### RECORDS TO PROCESS:
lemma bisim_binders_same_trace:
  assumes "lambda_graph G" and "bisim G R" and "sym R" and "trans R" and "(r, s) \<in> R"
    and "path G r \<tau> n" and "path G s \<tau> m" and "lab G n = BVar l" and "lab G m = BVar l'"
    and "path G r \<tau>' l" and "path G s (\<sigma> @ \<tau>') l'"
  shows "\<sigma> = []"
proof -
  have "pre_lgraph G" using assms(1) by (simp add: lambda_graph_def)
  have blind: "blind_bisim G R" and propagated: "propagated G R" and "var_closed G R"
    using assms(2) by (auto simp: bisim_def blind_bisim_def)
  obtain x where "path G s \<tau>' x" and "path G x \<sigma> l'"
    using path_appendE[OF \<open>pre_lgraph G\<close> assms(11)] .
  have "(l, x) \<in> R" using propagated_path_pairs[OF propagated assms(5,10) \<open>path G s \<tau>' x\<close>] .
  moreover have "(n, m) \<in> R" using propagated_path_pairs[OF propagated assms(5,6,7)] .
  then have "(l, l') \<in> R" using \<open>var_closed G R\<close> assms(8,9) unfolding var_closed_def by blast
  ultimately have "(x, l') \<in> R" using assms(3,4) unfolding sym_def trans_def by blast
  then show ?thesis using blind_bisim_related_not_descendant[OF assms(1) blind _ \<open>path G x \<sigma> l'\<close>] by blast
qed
...
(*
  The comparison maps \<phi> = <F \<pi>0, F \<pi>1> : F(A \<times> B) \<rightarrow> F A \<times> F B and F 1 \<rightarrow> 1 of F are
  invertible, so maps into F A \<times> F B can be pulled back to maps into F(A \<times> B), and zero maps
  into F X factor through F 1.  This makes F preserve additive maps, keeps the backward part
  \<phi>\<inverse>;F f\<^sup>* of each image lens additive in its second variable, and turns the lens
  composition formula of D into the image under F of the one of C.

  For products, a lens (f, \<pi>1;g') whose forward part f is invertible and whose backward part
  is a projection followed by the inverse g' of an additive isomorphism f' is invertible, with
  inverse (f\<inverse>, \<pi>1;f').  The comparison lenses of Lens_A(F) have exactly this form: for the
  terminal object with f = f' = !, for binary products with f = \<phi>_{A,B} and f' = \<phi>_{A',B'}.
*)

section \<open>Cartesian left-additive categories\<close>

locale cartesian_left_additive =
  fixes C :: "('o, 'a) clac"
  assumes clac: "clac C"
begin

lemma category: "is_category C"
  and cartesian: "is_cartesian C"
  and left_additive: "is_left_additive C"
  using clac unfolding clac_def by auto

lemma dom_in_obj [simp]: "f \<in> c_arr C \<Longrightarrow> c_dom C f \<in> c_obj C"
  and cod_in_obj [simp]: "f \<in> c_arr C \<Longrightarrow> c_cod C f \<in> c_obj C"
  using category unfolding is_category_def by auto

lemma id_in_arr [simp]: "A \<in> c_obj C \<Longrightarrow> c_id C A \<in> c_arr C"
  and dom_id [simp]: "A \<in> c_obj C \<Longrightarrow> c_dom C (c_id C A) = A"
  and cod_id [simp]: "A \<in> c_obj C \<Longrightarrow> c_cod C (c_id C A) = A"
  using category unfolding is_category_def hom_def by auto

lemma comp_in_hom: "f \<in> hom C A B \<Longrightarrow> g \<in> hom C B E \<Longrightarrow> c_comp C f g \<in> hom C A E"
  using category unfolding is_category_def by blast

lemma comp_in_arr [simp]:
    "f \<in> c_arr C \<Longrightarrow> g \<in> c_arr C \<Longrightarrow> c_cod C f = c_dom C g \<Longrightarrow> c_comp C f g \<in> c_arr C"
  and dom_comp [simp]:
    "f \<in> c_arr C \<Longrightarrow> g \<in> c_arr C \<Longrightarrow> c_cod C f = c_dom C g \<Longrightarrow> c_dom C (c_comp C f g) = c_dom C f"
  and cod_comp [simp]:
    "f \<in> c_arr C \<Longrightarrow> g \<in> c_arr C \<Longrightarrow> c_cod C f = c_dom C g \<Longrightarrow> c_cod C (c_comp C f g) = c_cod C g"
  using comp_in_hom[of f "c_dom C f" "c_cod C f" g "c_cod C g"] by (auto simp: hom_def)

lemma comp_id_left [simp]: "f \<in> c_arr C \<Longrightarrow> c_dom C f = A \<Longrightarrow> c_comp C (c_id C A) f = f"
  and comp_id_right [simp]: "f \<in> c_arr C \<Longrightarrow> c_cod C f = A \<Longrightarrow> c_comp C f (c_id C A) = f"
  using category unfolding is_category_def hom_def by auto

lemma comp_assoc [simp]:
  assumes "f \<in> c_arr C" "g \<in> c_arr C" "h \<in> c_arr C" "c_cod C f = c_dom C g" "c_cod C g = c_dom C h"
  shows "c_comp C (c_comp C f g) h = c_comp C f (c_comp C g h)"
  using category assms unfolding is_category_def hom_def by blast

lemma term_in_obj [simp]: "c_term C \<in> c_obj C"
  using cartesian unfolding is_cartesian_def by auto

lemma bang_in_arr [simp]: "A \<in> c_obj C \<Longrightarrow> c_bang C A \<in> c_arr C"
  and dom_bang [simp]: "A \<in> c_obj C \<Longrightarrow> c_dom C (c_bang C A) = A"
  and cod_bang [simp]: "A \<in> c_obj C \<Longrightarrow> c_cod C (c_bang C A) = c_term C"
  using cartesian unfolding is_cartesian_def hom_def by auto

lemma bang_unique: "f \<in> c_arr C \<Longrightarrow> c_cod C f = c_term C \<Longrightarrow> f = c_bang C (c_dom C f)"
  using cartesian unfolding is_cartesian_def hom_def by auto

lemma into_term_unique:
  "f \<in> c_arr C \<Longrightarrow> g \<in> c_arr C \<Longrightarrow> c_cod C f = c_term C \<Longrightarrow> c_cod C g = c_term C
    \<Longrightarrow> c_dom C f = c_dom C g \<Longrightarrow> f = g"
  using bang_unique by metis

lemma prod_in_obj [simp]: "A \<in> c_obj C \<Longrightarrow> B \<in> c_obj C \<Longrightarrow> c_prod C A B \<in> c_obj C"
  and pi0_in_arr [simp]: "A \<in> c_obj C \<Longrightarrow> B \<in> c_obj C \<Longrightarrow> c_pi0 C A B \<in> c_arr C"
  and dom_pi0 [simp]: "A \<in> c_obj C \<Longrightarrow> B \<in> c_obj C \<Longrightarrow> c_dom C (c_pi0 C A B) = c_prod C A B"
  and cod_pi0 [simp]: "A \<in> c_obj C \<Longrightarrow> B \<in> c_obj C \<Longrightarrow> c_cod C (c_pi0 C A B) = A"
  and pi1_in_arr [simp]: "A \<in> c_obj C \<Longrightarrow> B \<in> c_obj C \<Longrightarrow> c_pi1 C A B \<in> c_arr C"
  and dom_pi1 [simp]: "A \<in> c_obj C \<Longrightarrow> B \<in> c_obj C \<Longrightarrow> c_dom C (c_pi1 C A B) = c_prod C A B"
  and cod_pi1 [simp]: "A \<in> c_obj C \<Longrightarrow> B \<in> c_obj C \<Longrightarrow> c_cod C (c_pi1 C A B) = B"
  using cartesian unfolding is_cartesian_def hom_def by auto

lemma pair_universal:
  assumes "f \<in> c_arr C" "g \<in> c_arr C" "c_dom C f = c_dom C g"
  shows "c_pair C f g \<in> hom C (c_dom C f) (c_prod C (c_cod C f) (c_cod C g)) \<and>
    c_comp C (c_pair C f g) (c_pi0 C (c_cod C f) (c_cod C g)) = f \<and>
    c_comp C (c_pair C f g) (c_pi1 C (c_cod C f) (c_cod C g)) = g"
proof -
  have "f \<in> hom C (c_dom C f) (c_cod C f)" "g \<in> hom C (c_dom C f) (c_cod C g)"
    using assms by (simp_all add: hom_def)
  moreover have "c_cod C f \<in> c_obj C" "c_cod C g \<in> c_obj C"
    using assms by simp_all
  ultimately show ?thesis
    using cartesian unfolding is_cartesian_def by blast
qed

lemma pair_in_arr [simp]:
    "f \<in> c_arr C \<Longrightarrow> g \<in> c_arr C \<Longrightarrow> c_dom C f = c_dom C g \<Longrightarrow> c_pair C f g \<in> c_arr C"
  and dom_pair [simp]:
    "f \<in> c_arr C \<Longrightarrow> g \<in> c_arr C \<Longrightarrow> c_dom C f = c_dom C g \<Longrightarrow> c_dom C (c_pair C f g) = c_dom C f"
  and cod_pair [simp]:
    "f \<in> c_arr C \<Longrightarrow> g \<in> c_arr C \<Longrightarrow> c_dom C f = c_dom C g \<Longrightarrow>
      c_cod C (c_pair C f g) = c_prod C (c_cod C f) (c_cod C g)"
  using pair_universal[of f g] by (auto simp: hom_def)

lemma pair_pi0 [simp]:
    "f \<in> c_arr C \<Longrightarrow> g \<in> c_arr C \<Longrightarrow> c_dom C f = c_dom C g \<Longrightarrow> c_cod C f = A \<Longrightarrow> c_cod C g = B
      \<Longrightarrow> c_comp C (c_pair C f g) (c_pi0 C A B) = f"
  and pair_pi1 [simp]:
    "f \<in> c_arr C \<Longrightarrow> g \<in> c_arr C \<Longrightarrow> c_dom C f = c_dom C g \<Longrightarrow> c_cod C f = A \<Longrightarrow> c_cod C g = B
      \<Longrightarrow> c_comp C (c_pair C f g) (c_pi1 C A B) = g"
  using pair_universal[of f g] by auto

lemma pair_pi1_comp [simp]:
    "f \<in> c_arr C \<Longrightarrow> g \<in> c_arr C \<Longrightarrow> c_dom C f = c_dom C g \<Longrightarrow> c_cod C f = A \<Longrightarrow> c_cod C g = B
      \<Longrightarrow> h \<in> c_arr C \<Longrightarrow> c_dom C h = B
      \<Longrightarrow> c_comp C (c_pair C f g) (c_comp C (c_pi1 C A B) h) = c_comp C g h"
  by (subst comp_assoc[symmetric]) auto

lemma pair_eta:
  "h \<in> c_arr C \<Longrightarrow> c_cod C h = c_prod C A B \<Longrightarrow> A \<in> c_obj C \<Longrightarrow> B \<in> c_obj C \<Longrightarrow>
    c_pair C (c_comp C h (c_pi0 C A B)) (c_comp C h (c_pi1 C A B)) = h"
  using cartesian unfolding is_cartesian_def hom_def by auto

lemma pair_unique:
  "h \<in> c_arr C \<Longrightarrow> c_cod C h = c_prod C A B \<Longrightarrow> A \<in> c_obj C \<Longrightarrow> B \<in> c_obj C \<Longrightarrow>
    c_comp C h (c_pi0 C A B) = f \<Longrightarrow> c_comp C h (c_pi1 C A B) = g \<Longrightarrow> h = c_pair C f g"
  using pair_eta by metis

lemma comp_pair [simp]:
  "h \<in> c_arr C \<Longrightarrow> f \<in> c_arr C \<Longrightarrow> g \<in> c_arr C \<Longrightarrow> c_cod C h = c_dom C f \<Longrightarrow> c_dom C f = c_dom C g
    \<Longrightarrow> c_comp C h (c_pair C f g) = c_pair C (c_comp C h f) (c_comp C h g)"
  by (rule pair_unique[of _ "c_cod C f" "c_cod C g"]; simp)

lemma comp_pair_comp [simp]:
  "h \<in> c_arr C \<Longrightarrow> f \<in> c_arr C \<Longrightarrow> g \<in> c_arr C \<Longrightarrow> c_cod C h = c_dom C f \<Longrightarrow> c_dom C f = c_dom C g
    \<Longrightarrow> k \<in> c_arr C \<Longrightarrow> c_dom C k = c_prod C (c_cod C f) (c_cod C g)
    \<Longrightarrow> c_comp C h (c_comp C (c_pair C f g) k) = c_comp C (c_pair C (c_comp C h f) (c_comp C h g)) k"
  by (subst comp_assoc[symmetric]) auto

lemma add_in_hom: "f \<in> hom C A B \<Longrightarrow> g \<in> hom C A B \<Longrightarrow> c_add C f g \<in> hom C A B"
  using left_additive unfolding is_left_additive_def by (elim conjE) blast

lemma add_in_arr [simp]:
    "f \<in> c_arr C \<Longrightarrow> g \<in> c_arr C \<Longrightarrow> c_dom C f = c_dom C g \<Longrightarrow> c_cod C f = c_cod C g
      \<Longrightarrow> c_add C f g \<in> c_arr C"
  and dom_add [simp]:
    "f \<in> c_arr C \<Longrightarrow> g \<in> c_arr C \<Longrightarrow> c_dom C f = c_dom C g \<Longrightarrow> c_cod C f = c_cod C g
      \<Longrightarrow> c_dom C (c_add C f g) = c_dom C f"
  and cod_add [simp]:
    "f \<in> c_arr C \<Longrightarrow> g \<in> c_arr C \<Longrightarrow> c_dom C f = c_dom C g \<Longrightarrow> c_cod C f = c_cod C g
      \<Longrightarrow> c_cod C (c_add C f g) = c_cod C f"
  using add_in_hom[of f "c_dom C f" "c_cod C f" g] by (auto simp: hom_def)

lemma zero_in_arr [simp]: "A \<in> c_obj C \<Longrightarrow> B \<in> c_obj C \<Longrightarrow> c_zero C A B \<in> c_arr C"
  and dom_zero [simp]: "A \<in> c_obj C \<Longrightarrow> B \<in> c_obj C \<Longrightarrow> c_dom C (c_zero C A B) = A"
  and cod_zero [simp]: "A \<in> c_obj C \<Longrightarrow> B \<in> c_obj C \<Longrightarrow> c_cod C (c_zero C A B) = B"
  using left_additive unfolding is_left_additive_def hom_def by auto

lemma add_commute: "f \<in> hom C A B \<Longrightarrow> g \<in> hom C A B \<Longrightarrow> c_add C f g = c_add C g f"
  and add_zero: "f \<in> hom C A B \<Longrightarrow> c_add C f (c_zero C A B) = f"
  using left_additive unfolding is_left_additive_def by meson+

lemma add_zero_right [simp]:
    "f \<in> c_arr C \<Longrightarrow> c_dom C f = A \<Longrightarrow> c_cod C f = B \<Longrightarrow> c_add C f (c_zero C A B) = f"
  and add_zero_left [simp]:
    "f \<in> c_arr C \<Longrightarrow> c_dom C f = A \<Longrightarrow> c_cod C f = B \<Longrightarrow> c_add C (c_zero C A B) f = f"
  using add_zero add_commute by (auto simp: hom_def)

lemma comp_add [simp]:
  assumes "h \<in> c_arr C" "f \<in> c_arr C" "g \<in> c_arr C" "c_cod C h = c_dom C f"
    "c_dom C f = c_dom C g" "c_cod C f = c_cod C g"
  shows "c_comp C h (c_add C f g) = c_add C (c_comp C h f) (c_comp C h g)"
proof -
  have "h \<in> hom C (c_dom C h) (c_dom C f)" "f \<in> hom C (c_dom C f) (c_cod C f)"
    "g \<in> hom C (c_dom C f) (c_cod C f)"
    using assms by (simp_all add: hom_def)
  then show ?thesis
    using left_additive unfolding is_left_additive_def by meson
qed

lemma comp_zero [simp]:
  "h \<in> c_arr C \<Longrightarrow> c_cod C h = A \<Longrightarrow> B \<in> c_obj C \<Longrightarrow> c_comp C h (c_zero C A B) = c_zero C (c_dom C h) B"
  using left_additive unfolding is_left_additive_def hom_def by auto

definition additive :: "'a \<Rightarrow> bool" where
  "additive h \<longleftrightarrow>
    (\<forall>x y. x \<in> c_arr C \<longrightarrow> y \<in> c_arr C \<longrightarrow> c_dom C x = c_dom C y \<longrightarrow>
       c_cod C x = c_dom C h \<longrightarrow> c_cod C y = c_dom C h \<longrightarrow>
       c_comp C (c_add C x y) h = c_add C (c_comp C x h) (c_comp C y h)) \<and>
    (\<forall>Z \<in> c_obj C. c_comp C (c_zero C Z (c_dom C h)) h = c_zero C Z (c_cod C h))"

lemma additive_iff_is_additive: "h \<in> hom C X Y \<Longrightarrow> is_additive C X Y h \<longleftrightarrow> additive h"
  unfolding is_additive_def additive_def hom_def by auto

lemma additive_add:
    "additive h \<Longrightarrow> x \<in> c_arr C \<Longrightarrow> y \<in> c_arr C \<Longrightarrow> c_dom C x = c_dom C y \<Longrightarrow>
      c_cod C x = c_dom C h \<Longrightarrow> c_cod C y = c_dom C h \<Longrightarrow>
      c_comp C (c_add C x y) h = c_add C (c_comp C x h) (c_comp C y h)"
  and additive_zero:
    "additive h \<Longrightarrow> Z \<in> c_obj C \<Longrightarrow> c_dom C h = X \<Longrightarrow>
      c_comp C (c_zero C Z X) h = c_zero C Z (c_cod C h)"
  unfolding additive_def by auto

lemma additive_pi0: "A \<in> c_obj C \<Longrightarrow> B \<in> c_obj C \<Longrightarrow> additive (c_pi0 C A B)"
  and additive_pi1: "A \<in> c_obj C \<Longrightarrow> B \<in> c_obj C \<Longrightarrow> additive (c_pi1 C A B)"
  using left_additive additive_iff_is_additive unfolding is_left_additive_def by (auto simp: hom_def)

### ABOUT THIS EXERCISE:
Check each line of the records for the word "times", and show the lines that contain it.

### RESULT OF THIS TASK:
  The comparison maps \<phi> = <F \<pi>0, F \<pi>1> : F(A \<times> B) \<rightarrow> F A \<times> F B and F 1 \<rightarrow> 1 of F are
  invertible, so maps into F A \<times> F B can be pulled back to maps into F(A \<times> B), and zero maps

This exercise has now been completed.